The xartcollection was created in 1968 in Zollikofen, Zurich, Switzerland by Sandro Bocola and three partners: Heinz Bütler, Rolf Fehlbaum and Erwin Meierhofer.

Xartcollection's concept was to industrially produce three-dimensional “Multiples” in limited and signed editions. The company's philosophy was to make contemporary Art available to a large public and its “Multiples” were sold worldwide in art galleries, design- and furniture stores namely at “Wohnbedarf” in Switzerland.
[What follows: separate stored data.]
lemma Flag_eq_expected_score:
  fixes D :: "('x::topological_space \<times> 'k::finite) measure"
  assumes post: "is_posterior D \<eta>" and prior: "\<And>k. prior D k \<noteq> 0"
    and lam: "lam \<in> lam_space A" and \<phi>: "\<phi> \<in> borel \<rightarrow>\<^sub>M count_space UNIV"
  shows "Flag w A \<alpha> D lam \<phi> = (\<Sum>k\<in>UNIV. w k + lam $ k) - (\<Sum>k\<in>A. lam $ k * \<alpha> k)
           - (\<integral>x. score (cost w A lam (prior D)) \<eta> \<phi> x \<partial>distr D borel fst)"
proof -
  let ?P = "distr D borel fst" and ?c = "cost w A lam (prior D)"
  define I where "I k = (\<integral>x. indicator (\<phi> -` {k}) x * \<eta> x k \<partial>?P)" for k
  have "(\<Sum>k\<in>A. lam $ k * Rk D k \<phi>) = (\<Sum>k\<in>UNIV. lam $ k * Rk D k \<phi>)"
    using lam by (intro sum.mono_neutral_left) (auto simp: lam_space_def)
  then have "Flag w A \<alpha> D lam \<phi>
      = (\<Sum>k\<in>UNIV. (w k + lam $ k) * Rk D k \<phi>) - (\<Sum>k\<in>A. lam $ k * \<alpha> k)"
    unfolding Flag_def by (simp add: algebra_simps sum.distrib sum_subtractf)
  also have "(\<Sum>k\<in>UNIV. (w k + lam $ k) * Rk D k \<phi>)
      = (\<Sum>k\<in>UNIV. w k + lam $ k) - (\<Sum>k\<in>UNIV. ?c k * I k)"
  proof -
    have "(w k + lam $ k) * Rk D k \<phi> = (w k + lam $ k) - ?c k * I k" for k
      unfolding Rk_eq_integral_posterior[OF post prior \<phi>] cost_eq_on_lam_space[OF lam] I_def
      using prior[of k] by (simp add: field_simps)
    then show ?thesis
      by (simp add: sum_subtractf)
  qed
  also have "(\<Sum>k\<in>UNIV. ?c k * I k) = (\<integral>x. score ?c \<eta> \<phi> x \<partial>?P)"
    using integrable_indicator_posterior[OF post prior \<phi>]
    by (simp add: score_eq_sum_indicator I_def mult.left_commute)
  finally show ?thesis
    by simp
qed

lemma integrable_score:
  fixes D :: "('x::topological_space \<times> 'k::finite) measure" and c :: "'k \<Rightarrow> real"
  assumes post: "is_posterior D \<eta>" and prior: "\<And>k. prior D k \<noteq> 0"
    and \<phi>: "\<phi> \<in> borel \<rightarrow>\<^sub>M count_space UNIV"
  shows "integrable (distr D borel fst) (score c \<eta> \<phi>)"
  unfolding score_eq_sum_indicator[abs_def]
  using integrable_indicator_posterior[OF post prior \<phi>] by (simp add: mult.left_commute)

lemma Flag_diff_eq_integral_score:
  fixes D :: "('x::topological_space \<times> 'k::finite) measure"
  assumes post: "is_posterior D \<eta>" and prior: "\<And>k. prior D k \<noteq> 0" and lam: "lam \<in> lam_space A"
    and \<phi>: "\<phi> \<in> borel \<rightarrow>\<^sub>M count_space UNIV" and \<psi>: "\<psi> \<in> borel \<rightarrow>\<^sub>M count_space UNIV"
  shows "Flag w A \<alpha> D lam \<psi> - Flag w A \<alpha> D lam \<phi>
      = (\<integral>x. score (cost w A lam (prior D)) \<eta> \<phi> x - score (cost w A lam (prior D)) \<eta> \<psi> x
           \<partial>distr D borel fst)"
  using integrable_score[OF post prior \<phi>] integrable_score[OF post prior \<psi>]
  by (simp add: Flag_eq_expected_score[OF post prior lam] \<phi> \<psi>)

lemma argmax_set_regret_le:
  fixes u v :: "'k::finite \<Rightarrow> real"
  assumes j: "j \<in> argmax_set u" and j': "j' \<in> argmax_set v"
  shows "0 \<le> u j - u j'" and "u j - u j' \<le> 2 * (\<Sum>k\<in>UNIV. \<bar>u k - v k\<bar>)"
proof -
  show "0 \<le> u j - u j'"
    using j unfolding argmax_set_def by simp
  have "\<bar>u i - v i\<bar> \<le> (\<Sum>k\<in>UNIV. \<bar>u k - v k\<bar>)" for i
    by (rule member_le_sum) auto
  then have "u j - v j \<le> (\<Sum>k\<in>UNIV. \<bar>u k - v k\<bar>)" "v j' - u j' \<le> (\<Sum>k\<in>UNIV. \<bar>u k - v k\<bar>)"
    by (metis abs_le_D1, metis abs_le_D2 minus_diff_eq)
  moreover have "v j \<le> v j'"
    using j' unfolding argmax_set_def by simp
  ultimately show "u j - u j' \<le> 2 * (\<Sum>k\<in>UNIV. \<bar>u k - v k\<bar>)"
    by linarith
qed

lemma abs_cost_mult_diff_le:
  assumes lam: "lam \<in> lam_space A" and "0 \<le> w k" "lam $ k \<le> R"
  shows "\<bar>cost w A lam p k * a - cost w A lam p' k * b\<bar> \<le> (w k + R) * \<bar>a / p k - b / p' k\<bar>"
proof -
  have "0 \<le> lam $ k"
    using lam unfolding lam_space_def by simp
  have "cost w A lam p k * a - cost w A lam p' k * b = (w k + lam $ k) * (a / p k - b / p' k)"
    unfolding cost_eq_on_lam_space[OF lam] by (simp add: right_diff_distrib)
  then have "\<bar>cost w A lam p k * a - cost w A lam p' k * b\<bar> = (w k + lam $ k) * \<bar>a / p k - b / p' k\<bar>"
    using assms(2) \<open>0 \<le> lam $ k\<close> by (simp add: abs_mult)
  also have "\<dots> \<le> (w k + R) * \<bar>a / p k - b / p' k\<bar>"
    using assms(3) by (intro mult_right_mono) auto
  finally show ?thesis .
qed

lemma abs_cost_mult_le_sum:
  fixes a p :: "'k::finite \<Rightarrow> real"
  assumes lam: "lam \<in> lam_space A" and w: "\<And>k. 0 \<le> w k" and R: "\<And>k. lam $ k \<le> R"
    and p: "\<And>k. 0 < p k"
  shows "\<bar>cost w A lam p j * a j\<bar> \<le> (\<Sum>k\<in>UNIV. (w k + R) / p k * \<bar>a k\<bar>)"
proof -
  have lam_nonneg: "0 \<le> lam $ k" for k
    using lam unfolding lam_space_def by simp
  have "\<bar>cost w A lam p j * a j\<bar> = (w j + lam $ j) / p j * \<bar>a j\<bar>"
    using w[of j] lam_nonneg[of j] p[of j] by (simp add: cost_eq_on_lam_space[OF lam] abs_mult)
  also have "\<dots> \<le> (w j + R) / p j * \<bar>a j\<bar>"
    using R[of j] p[of j] by (intro mult_right_mono divide_right_mono) auto
  also have "\<dots> \<le> (\<Sum>k\<in>UNIV. (w k + R) / p k * \<bar>a k\<bar>)"
  proof (rule member_le_sum)
    fix k
    have "0 \<le> w k + R"
      using w[of k] lam_nonneg[of k] R[of k] by linarith
    then show "0 \<le> (w k + R) / p k * \<bar>a k\<bar>"
      using p[of k] by simp
  qed simp_all
  finally show ?thesis .
qed

lemma SUP_tendsto_zero_of_selections:
  fixes a :: "nat \<Rightarrow> 'l \<Rightarrow> real"
  assumes "L \<noteq> {}" and nonneg: "\<And>n l. l \<in> L \<Longrightarrow> 0 \<le> a n l" and bdd: "\<And>n. bdd_above (a n ` L)"
    and selections: "\<And>s. (\<And>n. s n \<in> L) \<Longrightarrow> (\<lambda>n. a n (s n)) \<longlonglongrightarrow> 0"
  shows "(\<lambda>n. SUP l\<in>L. a n l) \<longlonglongrightarrow> 0"
proof -
  have "\<exists>l\<in>L. (SUP l\<in>L. a n l) - 1 / Suc n < a n l" for n
    using less_cSUP_iff[OF \<open>L \<noteq> {}\<close> bdd[of n], of "(SUP l\<in>L. a n l) - 1 / Suc n"] by simp
  then obtain s where s: "\<And>n. s n \<in> L" "\<And>n. (SUP l\<in>L. a n l) - 1 / Suc n < a n (s n)"
    by metis
  have lower: "\<forall>n. 0 \<le> (SUP l\<in>L. a n l)"
    using cSUP_upper[OF s(1) bdd] nonneg[OF s(1)] by (meson order_trans)
  have upper: "\<forall>n. (SUP l\<in>L. a n l) \<le> a n (s n) + 1 / Suc n"
    using s(2) by (simp add: less_imp_le diff_less_eq)
  have "(\<lambda>n. a n (s n) + 1 / Suc n) \<longlonglongrightarrow> 0"
    using tendsto_add[OF selections[OF s(1)] LIMSEQ_inverse_real_of_nat] by (simp add: inverse_eq_divide)
  from tendsto_sandwich[OF always_eventually[OF lower] always_eventually[OF upper] tendsto_const this]
  show ?thesis .
qed

lemma integral_SUP_tendsto_zero:
  fixes F :: "nat \<Rightarrow> 'l \<Rightarrow> 'x \<Rightarrow> real"
  assumes "L \<noteq> {}" and meas: "\<And>n l. l \<in> L \<Longrightarrow> F n l \<in> borel_measurable P"
    and g: "integrable P g"
    and bounds: "\<And>n l x. l \<in> L \<Longrightarrow> x \<in> space P \<Longrightarrow> 0 \<le> F n l x \<and> F n l x \<le> g x"
    and h: "\<And>n l x. l \<in> L \<Longrightarrow> x \<in> space P \<Longrightarrow> F n l x \<le> h n x"
    and h_tendsto: "AE x in P. (\<lambda>n. h n x) \<longlonglongrightarrow> 0"
  shows "(\<lambda>n. SUP l\<in>L. integral\<^sup>L P (F n l)) \<longlonglongrightarrow> 0"
proof (rule SUP_tendsto_zero_of_selections[OF \<open>L \<noteq> {}\<close>])
  have integrable: "integrable P (F n l)" if "l \<in> L" for n l
    using bounds[OF that] by (intro Bochner_Integration.integrable_bound[OF g meas[OF that]] AE_I2)
      (metis abs_ge_self abs_of_nonneg order_trans real_norm_def)
  show "0 \<le> integral\<^sup>L P (F n l)" if "l \<in> L" for n l
    using bounds[OF that] by (intro integral_nonneg_AE) auto
  show "bdd_above ((\<lambda>l. integral\<^sup>L P (F n l)) ` L)" for n
  proof (rule bdd_aboveI2)
    fix l assume "l \<in> L"
    then show "integral\<^sup>L P (F n l) \<le> integral\<^sup>L P g"
      using bounds by (intro integral_mono[OF integrable g]) auto
  qed
  \<comment> \<open>h n need not be measurable, so dominated convergence is applied to F along selections\<close>
  fix s :: "nat \<Rightarrow> 'l" assume s: "\<And>n. s n \<in> L"
  have "(\<lambda>n. integral\<^sup>L P (F n (s n))) \<longlonglongrightarrow> integral\<^sup>L P (\<lambda>x. 0)"
  proof (rule integral_dominated_convergence[OF _ meas[OF s] g])
    show "AE x in P. norm (F n (s n) x) \<le> g x" for n
      using bounds[OF s] by (intro AE_I2) auto
    show "AE x in P. (\<lambda>n. F n (s n) x) \<longlonglongrightarrow> 0"
      using h_tendsto
    proof (rule AE_mp[OF _ AE_I2[OF impI]])
      fix x assume x: "x \<in> space P" and "(\<lambda>n. h n x) \<longlonglongrightarrow> 0"
      have "\<forall>n. 0 \<le> F n (s n) x" "\<forall>n. F n (s n) x \<le> h n x"
        using bounds[OF s x] h[OF s x] by simp_all
      from tendsto_sandwich[OF always_eventually[OF this(1)] always_eventually[OF this(2)] tendsto_const
          \<open>(\<lambda>n. h n x) \<longlonglongrightarrow> 0\<close>]
      show "(\<lambda>n. F n (s n) x) \<longlonglongrightarrow> 0" .
    qed
  qed simp
  then show "(\<lambda>n. integral\<^sup>L P (F n (s n))) \<longlonglongrightarrow> 0"
    by simp
qed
Internationally renowned artists such as Max Bill, Getulio Alviani, Richard Hamilton (artist), Allen Jones (sculptor), Joe Tilson, Peter Phillips (artist) and others participated in this project. Most of xartcollection's "Multiples" were produced by the firm of Reif, Relo-Kunststoffe in Lörrach, Germany. 
In 1971 xartcollection also created "Xart Walls" which industrially produced wallpapers designed by known artists such as Jean Tinguely, Niki de Saint Phalle. The "Xart Walls" where manufactured by the firm "Marburg Wallcoverings" in Kirchhain, Germany.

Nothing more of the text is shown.